[Start of section]

lemma W_sf_in_sf_semigroups:
  assumes "2 \<le> n"
  shows "W_sf n \<in> sf_semigroups n"
  unfolding W_sf_eq_compatible_set
proof (rule in_sf_semigroupsI[OF assms])
  show "finite (compatible_set n {})"
    using finite_compatible_set[OF assms, of "[]"] by (simp add: sym_set_def)
  show "\<forall>t\<in>compatible_set n {}. sf_admissible n t"
    by (simp add: compatible_set_def)
qed (use compatible_set_empty_comp point_transf_compatible_set_empty in blast)+

lemma V_sf_in_sf_semigroups:
  assumes "2 \<le> n"
  shows "V_sf n \<in> sf_semigroups n"
  unfolding V_sf_eq_compatible_set[OF assms] compatible_set_middle_pairs[OF assms]
proof (rule in_sf_semigroupsI[OF assms])
  show "finite (inj_except_empty n)"
    using finite_compatible_set[OF assms, of "middle_pairs n"] compatible_set_middle_pairs[OF assms]
    by simp
  show "\<forall>t\<in>inj_except_empty n. sf_admissible n t"
    unfolding compatible_set_middle_pairs[OF assms, symmetric] by (simp add: compatible_set_def)
qed (use inj_except_empty_comp point_transf_inj_except_empty in blast)+

section \<open>Exhaustive comparison for n at most 6\<close>

lemma num_compatible_6_empty: "num_compatible 6 [] = 629"
  by code_simp

lemma num_compatible_6_less:
  "list_all (\<lambda>xs. xs = [] \<or> num_compatible 6 xs < 629) (subseqs (middle_pairs 6))"
  by code_simp

lemma num_compatible_middle_pairs_less:
  "list_all (\<lambda>n. list_all (\<lambda>xs. xs = middle_pairs n \<or>
      num_compatible n xs < num_compatible n (middle_pairs n)) (subseqs (middle_pairs n))) [2..<6]"
  by code_simp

[End of section]

For this exercise, please output exactly the lines above starting at the line with "(simp add: sym_set_def)" and ending at the line with "unfolding compatible_set_middle_pairs[OF assms, symmetric]", ends included.

Solved problem →
    using finite_compatible_set[OF assms, of "[]"] by (simp add: sym_set_def)
  show "\<forall>t\<in>compatible_set n {}. sf_admissible n t"
    by (simp add: compatible_set_def)
qed (use compatible_set_empty_comp point_transf_compatible_set_empty in blast)+

lemma V_sf_in_sf_semigroups:
  assumes "2 \<le> n"
  shows "V_sf n \<in> sf_semigroups n"
  unfolding V_sf_eq_compatible_set[OF assms] compatible_set_middle_pairs[OF assms]
proof (rule in_sf_semigroupsI[OF assms])
  show "finite (inj_except_empty n)"
    using finite_compatible_set[OF assms, of "middle_pairs n"] compatible_set_middle_pairs[OF assms]
    by simp
  show "\<forall>t\<in>inj_except_empty n. sf_admissible n t"
    unfolding compatible_set_middle_pairs[OF assms, symmetric] by (simp add: compatible_set_def)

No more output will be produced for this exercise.